Check each line of the data below for the word "absi". How many lines have it? Answer with the number alone.

INFORMATION PROVIDED ->
Segment Open
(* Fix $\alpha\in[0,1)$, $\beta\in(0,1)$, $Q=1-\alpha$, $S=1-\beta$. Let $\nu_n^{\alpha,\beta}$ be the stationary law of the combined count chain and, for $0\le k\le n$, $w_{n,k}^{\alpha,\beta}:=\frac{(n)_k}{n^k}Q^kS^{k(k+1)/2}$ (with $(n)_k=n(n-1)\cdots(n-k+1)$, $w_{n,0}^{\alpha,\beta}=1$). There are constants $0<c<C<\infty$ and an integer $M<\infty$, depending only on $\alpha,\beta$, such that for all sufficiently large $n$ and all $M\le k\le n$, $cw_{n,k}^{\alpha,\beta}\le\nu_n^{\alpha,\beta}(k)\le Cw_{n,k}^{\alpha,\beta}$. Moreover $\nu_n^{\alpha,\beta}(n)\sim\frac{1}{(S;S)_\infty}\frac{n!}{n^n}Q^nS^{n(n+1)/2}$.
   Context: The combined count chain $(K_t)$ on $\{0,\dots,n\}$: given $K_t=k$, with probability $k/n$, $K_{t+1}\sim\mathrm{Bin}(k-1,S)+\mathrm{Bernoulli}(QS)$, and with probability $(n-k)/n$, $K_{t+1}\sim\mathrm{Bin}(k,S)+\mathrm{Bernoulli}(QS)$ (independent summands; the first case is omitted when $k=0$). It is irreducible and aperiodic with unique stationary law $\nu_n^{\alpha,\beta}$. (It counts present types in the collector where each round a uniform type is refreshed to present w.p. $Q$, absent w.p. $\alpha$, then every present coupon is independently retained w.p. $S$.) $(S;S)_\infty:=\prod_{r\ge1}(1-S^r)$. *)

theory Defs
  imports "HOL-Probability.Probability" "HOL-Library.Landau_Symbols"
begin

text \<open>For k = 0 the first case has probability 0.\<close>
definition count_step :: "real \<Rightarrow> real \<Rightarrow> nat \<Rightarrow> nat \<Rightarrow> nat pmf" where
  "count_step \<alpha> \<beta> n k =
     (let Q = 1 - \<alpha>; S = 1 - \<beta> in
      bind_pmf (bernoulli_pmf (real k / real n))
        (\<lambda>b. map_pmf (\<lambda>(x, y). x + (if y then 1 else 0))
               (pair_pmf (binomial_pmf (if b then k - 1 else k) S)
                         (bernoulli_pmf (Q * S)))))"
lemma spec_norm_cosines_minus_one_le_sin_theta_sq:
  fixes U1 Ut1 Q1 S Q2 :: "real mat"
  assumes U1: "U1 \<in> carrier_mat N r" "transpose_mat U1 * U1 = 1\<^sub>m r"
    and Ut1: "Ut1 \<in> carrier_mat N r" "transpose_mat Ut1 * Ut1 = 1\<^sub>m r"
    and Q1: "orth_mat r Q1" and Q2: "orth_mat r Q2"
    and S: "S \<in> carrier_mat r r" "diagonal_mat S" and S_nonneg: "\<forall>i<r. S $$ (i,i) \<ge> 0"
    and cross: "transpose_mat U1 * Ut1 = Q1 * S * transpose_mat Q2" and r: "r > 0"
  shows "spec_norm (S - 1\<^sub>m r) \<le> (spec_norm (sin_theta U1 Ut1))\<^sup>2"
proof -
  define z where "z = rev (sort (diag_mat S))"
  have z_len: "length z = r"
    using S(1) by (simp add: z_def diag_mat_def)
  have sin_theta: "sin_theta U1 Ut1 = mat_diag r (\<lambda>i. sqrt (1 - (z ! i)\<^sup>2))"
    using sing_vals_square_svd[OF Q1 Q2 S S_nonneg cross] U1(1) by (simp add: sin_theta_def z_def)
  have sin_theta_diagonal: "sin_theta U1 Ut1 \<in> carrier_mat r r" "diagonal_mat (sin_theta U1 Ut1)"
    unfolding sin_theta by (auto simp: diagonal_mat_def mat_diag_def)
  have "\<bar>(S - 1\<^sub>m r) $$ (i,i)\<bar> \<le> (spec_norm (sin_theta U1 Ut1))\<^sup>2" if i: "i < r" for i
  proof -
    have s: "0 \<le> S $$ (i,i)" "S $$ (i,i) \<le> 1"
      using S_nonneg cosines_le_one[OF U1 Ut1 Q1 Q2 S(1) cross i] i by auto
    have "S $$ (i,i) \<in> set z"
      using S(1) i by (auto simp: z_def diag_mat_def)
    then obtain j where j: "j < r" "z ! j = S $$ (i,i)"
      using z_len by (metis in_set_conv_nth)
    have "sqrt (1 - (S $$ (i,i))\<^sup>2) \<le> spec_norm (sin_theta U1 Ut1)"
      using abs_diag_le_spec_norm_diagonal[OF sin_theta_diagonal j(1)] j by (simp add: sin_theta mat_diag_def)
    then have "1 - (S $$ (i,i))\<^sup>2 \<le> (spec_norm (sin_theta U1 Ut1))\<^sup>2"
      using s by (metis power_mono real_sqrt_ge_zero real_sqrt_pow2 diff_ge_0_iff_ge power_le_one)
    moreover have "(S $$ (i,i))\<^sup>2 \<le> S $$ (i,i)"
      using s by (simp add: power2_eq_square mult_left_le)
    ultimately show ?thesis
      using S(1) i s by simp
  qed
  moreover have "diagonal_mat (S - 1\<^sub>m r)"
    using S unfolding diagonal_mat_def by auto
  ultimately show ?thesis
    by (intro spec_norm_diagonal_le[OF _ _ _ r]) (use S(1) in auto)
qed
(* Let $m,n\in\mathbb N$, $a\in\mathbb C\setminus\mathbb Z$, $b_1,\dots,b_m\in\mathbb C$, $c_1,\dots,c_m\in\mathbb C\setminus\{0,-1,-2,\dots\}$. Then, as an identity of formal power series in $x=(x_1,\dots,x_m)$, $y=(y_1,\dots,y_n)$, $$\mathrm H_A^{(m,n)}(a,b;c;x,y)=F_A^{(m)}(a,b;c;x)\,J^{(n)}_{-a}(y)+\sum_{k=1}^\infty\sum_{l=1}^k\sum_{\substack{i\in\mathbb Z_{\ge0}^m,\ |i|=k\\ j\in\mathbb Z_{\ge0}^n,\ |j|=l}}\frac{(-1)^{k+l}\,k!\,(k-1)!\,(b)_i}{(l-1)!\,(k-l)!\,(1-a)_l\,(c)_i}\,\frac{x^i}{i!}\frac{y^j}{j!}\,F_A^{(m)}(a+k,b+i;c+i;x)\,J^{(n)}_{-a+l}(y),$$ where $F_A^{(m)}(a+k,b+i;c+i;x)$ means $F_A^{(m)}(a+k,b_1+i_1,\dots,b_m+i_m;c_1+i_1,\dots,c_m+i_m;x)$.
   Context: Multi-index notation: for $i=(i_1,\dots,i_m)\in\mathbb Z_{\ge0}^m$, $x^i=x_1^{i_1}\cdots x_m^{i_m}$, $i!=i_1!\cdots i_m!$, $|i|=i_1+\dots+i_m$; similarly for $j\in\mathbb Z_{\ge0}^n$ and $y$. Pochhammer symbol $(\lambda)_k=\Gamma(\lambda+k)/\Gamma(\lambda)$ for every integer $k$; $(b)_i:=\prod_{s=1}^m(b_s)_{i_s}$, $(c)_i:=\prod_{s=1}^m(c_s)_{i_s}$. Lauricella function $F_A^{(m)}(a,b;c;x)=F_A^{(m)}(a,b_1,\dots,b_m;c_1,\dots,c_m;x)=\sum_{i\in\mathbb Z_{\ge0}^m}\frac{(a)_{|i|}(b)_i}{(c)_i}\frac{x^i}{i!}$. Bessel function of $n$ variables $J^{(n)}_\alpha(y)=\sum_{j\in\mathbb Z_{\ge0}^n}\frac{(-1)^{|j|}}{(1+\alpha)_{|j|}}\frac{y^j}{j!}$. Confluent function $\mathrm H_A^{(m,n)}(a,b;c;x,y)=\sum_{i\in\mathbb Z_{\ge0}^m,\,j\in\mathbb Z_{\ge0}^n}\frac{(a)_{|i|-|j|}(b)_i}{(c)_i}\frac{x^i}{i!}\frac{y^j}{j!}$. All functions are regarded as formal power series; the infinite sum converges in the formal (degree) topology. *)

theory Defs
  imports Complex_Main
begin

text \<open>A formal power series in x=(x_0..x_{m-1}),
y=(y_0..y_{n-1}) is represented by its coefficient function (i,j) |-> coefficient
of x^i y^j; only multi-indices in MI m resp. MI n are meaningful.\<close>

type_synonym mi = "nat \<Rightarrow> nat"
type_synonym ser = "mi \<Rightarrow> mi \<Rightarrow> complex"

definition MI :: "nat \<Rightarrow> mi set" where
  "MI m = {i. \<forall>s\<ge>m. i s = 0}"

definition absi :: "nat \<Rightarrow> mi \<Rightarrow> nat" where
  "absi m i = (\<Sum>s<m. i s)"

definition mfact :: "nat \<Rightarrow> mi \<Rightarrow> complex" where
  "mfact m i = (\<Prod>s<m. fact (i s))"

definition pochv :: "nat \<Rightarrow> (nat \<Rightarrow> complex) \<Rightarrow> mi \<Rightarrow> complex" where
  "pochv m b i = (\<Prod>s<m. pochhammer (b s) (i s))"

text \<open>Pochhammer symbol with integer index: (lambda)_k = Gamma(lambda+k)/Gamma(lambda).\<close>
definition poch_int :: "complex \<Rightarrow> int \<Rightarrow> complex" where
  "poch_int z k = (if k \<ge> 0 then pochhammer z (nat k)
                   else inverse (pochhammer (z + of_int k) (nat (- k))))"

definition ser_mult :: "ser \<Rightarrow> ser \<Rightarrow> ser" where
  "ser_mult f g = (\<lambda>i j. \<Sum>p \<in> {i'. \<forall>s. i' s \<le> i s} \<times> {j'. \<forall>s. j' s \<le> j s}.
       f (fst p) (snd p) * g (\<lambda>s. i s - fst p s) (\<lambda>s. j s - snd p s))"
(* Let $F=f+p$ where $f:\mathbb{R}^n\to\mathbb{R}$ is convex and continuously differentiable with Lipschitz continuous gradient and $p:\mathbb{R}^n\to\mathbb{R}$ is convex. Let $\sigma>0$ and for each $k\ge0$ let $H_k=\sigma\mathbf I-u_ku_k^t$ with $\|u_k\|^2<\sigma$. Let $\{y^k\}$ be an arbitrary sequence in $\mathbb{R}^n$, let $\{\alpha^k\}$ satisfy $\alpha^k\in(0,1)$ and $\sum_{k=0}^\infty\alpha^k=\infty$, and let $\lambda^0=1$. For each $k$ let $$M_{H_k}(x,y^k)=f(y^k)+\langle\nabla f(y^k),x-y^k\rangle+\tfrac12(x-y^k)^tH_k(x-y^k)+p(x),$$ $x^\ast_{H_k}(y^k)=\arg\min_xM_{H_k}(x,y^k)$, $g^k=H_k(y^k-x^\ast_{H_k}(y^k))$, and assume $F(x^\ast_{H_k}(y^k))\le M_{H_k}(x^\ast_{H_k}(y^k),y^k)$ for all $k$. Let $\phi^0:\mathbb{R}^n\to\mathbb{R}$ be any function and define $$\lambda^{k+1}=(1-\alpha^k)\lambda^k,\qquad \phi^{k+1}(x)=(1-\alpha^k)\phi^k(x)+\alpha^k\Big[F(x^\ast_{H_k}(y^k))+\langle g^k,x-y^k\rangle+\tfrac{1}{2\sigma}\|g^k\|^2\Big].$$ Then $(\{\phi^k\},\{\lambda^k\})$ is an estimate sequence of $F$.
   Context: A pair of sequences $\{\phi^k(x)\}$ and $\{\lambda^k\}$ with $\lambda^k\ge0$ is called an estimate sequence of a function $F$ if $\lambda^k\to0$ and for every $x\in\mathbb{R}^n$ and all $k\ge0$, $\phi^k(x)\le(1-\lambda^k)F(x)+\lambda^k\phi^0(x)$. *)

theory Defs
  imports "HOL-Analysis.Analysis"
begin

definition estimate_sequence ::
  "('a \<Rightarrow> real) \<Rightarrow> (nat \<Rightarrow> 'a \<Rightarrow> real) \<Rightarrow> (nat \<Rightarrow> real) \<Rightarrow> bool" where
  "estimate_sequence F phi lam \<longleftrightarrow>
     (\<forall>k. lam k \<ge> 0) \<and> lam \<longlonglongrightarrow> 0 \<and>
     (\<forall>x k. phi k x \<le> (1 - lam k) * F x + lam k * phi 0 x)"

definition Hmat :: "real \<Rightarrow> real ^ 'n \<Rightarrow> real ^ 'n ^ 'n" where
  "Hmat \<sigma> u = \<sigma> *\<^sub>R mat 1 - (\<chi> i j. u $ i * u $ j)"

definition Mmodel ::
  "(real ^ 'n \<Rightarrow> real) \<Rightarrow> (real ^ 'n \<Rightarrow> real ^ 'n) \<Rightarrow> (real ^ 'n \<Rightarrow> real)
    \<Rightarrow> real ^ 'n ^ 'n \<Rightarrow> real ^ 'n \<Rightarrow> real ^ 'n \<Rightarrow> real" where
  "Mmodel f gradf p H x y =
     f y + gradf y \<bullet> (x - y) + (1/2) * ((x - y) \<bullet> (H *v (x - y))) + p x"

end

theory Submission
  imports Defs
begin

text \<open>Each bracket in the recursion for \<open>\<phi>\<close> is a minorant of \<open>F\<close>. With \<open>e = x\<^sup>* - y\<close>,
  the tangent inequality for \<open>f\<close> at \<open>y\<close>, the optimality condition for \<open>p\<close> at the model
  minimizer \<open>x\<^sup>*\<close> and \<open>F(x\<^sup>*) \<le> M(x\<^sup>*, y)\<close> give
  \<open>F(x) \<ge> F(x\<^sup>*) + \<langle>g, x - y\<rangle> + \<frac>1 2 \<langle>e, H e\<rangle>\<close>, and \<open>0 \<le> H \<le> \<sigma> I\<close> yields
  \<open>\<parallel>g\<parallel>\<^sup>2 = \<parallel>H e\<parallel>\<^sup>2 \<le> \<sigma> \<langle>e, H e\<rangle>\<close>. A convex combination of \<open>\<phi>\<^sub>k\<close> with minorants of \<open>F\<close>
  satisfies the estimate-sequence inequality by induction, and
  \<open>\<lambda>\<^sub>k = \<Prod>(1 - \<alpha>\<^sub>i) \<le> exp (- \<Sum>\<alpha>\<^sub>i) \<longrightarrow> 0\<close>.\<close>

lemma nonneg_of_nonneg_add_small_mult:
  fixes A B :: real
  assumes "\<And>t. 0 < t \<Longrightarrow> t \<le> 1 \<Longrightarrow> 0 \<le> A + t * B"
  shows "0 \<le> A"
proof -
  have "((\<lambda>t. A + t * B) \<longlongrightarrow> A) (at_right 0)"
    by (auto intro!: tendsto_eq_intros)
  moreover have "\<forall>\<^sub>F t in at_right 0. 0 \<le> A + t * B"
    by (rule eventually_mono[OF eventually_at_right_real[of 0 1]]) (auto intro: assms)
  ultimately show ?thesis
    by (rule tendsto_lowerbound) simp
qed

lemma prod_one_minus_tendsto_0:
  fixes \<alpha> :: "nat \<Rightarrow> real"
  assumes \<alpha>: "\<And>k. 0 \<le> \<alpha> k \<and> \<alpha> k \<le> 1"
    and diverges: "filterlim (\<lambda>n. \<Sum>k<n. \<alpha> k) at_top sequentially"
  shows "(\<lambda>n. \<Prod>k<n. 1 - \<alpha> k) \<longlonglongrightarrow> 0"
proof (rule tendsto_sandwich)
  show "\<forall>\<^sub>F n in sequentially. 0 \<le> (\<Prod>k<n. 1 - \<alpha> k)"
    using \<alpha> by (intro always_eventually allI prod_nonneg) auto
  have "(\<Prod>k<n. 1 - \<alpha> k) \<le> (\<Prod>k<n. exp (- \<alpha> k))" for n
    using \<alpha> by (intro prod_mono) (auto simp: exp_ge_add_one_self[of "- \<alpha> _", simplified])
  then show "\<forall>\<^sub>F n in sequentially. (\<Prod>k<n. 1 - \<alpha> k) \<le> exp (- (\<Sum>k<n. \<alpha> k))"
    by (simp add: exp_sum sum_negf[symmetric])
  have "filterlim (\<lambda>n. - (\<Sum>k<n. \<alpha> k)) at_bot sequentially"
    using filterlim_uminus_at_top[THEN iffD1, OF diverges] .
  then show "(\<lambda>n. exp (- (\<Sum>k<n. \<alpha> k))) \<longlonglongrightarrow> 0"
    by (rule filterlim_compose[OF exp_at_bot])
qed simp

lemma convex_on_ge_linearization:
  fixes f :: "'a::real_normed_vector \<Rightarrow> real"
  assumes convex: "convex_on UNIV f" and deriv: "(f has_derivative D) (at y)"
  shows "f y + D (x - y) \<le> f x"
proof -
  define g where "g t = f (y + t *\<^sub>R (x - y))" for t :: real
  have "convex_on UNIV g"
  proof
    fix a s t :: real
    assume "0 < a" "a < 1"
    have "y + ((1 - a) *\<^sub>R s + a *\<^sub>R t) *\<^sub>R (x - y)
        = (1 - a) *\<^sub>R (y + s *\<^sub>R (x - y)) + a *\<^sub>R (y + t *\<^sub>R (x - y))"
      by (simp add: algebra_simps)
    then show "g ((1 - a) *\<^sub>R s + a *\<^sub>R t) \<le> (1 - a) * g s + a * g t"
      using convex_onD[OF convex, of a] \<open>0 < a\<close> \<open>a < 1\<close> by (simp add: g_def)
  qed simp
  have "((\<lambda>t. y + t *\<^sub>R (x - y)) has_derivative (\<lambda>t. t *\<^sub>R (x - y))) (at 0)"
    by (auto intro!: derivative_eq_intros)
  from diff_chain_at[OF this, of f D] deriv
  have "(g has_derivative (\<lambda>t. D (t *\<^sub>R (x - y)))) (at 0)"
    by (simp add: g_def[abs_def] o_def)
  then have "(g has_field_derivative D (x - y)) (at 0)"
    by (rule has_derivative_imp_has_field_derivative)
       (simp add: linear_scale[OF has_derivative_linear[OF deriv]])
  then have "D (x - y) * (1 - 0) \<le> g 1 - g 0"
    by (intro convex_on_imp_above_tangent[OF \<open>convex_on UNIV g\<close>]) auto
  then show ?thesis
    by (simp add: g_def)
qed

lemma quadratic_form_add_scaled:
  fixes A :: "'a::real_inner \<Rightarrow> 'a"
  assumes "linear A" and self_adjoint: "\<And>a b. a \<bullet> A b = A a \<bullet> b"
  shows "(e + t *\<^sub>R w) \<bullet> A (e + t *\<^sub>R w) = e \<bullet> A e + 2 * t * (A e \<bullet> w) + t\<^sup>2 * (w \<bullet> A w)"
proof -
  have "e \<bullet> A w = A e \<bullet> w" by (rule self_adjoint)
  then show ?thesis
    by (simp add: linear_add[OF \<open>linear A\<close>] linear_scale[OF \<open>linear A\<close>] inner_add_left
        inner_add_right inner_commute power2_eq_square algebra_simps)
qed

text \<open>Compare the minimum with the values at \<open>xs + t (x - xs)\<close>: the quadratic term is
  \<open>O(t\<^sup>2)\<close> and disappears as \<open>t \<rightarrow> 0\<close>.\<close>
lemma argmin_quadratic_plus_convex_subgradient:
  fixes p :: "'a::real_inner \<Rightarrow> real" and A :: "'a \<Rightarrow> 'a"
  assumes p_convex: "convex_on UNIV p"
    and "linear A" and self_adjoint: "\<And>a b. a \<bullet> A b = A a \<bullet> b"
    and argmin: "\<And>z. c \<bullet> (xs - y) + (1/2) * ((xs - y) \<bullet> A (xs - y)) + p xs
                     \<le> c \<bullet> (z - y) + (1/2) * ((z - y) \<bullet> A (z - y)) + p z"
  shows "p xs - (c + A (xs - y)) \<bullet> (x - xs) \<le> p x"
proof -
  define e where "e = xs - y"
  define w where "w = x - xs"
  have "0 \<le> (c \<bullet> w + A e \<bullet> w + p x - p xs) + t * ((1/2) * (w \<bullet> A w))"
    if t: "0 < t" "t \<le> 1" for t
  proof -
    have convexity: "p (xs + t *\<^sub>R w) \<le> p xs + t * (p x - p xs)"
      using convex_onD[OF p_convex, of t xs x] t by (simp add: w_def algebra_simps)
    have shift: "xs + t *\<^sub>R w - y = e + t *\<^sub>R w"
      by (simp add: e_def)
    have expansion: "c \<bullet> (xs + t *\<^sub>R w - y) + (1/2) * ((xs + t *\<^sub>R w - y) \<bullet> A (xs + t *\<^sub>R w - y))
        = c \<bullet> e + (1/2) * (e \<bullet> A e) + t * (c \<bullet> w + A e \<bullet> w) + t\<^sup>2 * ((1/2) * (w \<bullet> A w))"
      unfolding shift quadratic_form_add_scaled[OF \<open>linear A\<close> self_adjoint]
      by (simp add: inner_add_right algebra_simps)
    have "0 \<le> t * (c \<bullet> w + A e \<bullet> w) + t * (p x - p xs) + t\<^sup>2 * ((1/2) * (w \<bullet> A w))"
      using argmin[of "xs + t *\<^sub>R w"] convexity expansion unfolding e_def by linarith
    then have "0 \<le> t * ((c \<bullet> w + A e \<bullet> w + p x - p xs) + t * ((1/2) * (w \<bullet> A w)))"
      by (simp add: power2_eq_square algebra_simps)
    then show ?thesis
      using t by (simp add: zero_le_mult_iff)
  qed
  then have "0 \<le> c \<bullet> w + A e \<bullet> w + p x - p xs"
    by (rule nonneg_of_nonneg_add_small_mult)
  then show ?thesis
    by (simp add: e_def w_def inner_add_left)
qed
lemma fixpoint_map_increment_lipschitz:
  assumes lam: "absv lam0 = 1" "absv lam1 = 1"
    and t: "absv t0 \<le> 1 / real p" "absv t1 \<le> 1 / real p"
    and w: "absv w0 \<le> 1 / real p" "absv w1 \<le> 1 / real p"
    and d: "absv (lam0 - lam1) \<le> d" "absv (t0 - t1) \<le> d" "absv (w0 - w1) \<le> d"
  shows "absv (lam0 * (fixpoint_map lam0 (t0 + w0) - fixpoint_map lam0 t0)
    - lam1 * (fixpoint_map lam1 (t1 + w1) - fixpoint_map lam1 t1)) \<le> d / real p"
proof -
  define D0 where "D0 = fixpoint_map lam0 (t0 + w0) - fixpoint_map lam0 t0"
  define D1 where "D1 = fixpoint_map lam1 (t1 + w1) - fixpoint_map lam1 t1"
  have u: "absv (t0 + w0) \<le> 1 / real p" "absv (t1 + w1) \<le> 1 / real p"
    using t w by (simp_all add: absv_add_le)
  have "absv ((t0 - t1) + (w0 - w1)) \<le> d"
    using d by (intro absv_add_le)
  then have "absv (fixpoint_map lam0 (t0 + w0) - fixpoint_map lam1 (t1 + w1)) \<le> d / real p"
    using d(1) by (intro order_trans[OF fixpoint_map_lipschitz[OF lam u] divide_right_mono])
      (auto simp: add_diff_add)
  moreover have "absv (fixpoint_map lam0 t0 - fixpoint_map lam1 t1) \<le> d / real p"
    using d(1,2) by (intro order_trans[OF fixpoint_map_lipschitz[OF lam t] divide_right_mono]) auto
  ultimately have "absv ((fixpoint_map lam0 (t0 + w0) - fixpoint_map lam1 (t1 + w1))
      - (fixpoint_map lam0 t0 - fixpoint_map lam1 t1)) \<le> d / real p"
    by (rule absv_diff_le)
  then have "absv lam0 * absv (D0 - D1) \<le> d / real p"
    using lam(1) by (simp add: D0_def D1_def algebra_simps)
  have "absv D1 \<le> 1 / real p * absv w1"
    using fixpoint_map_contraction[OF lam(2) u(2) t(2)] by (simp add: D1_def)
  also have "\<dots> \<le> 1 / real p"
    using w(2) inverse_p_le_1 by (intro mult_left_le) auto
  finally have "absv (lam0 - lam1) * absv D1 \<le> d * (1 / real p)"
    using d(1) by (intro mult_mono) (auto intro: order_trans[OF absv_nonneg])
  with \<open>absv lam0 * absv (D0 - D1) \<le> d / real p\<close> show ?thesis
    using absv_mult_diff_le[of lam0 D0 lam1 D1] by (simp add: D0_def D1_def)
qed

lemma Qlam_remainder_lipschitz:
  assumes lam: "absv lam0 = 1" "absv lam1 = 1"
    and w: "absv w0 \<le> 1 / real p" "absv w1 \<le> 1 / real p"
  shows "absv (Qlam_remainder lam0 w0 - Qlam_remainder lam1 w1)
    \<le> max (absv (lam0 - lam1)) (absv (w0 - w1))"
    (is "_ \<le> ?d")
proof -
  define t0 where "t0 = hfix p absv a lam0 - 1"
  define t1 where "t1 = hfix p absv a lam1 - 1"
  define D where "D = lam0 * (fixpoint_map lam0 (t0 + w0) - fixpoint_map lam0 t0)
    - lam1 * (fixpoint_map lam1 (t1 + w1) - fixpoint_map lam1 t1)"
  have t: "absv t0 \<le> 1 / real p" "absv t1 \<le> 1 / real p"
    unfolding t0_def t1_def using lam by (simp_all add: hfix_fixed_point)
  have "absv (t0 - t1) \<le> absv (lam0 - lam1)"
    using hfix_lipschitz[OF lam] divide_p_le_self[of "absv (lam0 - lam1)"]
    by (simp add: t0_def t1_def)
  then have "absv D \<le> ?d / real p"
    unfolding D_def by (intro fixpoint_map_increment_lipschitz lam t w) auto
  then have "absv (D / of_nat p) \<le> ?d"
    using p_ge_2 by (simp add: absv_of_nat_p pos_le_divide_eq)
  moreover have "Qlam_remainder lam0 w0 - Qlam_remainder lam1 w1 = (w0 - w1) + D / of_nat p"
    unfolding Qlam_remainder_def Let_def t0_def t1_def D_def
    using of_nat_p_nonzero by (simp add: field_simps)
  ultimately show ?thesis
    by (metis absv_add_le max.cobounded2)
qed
Segment Closed
THE ANSWER ->
2